INFORMATION:

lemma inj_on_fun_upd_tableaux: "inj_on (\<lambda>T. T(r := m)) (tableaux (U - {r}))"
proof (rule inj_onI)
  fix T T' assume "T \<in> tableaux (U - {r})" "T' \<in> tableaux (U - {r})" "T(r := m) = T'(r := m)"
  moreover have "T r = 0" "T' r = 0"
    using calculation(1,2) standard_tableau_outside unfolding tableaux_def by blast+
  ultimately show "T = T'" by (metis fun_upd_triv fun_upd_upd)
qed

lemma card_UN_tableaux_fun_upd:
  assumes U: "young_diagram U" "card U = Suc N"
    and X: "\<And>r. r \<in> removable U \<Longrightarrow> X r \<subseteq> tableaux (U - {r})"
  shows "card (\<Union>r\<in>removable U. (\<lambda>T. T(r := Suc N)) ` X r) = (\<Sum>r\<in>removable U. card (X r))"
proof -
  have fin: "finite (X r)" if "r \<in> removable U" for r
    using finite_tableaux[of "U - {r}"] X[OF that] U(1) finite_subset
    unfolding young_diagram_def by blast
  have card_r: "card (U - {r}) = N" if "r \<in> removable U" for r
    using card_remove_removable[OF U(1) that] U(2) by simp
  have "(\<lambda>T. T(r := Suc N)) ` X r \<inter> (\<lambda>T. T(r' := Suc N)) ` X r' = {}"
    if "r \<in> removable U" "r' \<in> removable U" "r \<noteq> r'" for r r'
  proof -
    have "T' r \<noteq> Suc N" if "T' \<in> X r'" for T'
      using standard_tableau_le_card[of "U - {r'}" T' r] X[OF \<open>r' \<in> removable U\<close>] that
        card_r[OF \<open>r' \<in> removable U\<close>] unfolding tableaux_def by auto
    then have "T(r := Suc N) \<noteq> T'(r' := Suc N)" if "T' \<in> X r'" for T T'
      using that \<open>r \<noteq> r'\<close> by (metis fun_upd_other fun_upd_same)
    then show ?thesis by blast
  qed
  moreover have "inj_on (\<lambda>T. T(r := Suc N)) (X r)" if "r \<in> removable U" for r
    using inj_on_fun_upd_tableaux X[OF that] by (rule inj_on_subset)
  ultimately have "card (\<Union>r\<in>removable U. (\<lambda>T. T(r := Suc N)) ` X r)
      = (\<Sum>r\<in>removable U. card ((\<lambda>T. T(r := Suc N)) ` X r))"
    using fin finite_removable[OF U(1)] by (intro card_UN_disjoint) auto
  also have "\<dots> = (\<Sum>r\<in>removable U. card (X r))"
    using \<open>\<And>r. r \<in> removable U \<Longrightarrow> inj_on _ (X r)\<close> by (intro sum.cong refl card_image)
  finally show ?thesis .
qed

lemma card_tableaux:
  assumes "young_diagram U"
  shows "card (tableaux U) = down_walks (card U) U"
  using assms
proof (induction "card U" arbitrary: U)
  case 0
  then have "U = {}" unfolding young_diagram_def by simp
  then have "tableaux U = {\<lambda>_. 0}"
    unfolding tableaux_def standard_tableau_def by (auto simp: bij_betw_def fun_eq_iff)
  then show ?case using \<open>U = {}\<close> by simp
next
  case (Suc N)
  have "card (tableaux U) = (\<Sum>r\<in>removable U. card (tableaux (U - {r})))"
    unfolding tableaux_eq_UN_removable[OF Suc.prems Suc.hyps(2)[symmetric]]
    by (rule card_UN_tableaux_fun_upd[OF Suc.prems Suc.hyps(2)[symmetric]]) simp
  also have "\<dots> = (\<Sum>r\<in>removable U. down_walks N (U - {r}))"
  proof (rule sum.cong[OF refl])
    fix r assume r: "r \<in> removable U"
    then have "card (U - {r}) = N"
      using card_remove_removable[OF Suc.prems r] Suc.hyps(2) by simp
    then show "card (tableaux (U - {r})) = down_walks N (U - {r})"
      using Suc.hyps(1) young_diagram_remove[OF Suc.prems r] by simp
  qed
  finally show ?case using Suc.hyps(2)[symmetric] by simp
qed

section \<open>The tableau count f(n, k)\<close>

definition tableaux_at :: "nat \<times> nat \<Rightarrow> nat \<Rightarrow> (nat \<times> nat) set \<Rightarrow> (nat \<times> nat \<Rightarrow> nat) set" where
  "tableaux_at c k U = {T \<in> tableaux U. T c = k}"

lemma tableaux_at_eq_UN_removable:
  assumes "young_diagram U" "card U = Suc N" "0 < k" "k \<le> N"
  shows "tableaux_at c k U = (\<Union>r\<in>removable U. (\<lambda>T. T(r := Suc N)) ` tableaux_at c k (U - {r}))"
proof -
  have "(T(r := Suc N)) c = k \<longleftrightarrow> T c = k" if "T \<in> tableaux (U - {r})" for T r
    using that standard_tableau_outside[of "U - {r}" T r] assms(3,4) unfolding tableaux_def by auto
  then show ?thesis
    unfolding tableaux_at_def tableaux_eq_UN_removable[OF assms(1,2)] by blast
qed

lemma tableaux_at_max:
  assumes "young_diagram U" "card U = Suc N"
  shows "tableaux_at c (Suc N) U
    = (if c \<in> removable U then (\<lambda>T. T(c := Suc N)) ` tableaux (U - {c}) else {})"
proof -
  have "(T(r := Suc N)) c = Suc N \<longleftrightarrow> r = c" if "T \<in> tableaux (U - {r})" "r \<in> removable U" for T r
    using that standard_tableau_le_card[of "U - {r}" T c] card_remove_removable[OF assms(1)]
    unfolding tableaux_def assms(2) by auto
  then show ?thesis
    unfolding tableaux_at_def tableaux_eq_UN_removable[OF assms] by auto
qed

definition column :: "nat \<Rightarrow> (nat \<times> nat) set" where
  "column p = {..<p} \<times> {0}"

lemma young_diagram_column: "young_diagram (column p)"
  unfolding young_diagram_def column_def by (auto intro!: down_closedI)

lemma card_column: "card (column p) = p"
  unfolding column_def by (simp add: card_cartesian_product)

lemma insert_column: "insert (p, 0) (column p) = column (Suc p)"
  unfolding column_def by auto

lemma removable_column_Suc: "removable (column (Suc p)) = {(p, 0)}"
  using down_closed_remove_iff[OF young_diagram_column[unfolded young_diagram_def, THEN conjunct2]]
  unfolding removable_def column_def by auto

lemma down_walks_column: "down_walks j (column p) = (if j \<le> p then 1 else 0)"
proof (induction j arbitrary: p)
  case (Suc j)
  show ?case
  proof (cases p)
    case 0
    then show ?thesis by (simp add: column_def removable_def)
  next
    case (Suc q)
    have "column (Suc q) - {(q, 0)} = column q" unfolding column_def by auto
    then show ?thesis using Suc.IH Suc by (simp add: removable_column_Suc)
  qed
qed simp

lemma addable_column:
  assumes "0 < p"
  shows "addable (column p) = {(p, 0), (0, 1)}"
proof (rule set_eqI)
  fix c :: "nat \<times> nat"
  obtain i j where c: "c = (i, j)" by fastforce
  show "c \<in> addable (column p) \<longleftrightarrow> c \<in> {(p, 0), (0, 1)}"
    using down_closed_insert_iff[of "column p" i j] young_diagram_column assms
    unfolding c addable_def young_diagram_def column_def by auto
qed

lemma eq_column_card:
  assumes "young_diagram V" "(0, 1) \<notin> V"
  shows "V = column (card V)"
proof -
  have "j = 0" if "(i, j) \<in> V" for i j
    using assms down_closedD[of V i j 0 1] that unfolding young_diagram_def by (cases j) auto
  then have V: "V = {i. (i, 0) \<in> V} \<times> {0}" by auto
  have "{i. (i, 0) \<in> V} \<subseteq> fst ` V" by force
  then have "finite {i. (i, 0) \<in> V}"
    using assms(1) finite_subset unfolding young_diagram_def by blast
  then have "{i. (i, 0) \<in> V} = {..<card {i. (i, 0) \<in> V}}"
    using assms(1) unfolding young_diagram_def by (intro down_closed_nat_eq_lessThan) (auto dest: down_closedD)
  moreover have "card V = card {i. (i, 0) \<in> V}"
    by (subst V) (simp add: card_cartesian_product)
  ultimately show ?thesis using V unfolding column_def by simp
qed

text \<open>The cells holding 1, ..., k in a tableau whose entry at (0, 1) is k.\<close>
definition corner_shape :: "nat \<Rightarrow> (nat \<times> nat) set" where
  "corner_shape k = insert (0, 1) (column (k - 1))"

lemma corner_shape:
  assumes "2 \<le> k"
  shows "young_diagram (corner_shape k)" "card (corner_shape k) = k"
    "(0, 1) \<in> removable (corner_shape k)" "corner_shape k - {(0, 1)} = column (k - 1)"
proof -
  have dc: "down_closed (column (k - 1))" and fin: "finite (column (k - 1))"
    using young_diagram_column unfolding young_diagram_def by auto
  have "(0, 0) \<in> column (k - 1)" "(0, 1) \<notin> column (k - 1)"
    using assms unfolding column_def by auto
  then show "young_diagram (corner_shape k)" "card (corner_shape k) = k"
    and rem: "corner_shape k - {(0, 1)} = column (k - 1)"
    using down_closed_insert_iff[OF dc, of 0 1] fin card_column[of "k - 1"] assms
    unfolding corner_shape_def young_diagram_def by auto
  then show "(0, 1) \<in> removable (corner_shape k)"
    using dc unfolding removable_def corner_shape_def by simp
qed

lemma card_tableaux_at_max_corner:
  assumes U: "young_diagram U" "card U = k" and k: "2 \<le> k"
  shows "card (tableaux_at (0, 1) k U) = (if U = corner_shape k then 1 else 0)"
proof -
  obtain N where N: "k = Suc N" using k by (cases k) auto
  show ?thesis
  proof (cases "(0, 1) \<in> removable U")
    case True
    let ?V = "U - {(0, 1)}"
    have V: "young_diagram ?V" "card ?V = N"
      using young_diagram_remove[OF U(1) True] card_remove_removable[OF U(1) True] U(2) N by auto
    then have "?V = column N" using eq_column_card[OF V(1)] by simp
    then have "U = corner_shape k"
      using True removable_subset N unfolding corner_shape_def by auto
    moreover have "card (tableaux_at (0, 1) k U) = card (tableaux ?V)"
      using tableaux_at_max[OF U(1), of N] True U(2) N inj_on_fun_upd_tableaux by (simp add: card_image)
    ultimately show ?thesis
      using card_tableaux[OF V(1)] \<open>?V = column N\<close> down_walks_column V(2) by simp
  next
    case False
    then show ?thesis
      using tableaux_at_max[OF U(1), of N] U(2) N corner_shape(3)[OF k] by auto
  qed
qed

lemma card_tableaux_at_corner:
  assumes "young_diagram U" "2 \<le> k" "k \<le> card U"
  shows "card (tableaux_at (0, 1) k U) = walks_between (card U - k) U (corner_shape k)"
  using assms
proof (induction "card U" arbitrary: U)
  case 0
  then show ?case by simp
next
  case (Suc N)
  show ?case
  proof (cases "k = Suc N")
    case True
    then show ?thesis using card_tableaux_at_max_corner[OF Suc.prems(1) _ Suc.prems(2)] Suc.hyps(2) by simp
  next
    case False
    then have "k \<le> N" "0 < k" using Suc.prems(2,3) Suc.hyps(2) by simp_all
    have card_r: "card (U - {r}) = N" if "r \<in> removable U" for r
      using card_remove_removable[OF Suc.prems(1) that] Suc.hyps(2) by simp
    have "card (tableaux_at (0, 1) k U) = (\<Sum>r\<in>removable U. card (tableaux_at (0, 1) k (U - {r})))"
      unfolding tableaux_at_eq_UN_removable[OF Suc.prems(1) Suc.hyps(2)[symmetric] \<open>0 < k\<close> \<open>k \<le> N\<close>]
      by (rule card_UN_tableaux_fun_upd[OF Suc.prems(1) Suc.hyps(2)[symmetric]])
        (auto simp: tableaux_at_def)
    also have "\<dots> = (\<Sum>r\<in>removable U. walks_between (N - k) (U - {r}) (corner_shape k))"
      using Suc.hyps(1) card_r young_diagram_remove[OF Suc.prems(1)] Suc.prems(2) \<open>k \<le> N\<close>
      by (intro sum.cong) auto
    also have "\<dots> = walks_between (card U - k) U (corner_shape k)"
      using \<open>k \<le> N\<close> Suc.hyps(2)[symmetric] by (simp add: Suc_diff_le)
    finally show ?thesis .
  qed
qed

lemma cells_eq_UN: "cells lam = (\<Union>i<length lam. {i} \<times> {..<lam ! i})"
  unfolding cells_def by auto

PROBLEM STATEMENT: Output only the lines from the line that contains "lam = (\<Union>i<length" through the end of the entries, both included, exactly as they appear.

PROBLEM SOLUTION:
lemma cells_eq_UN: "cells lam = (\<Union>i<length lam. {i} \<times> {..<lam ! i})"
  unfolding cells_def by auto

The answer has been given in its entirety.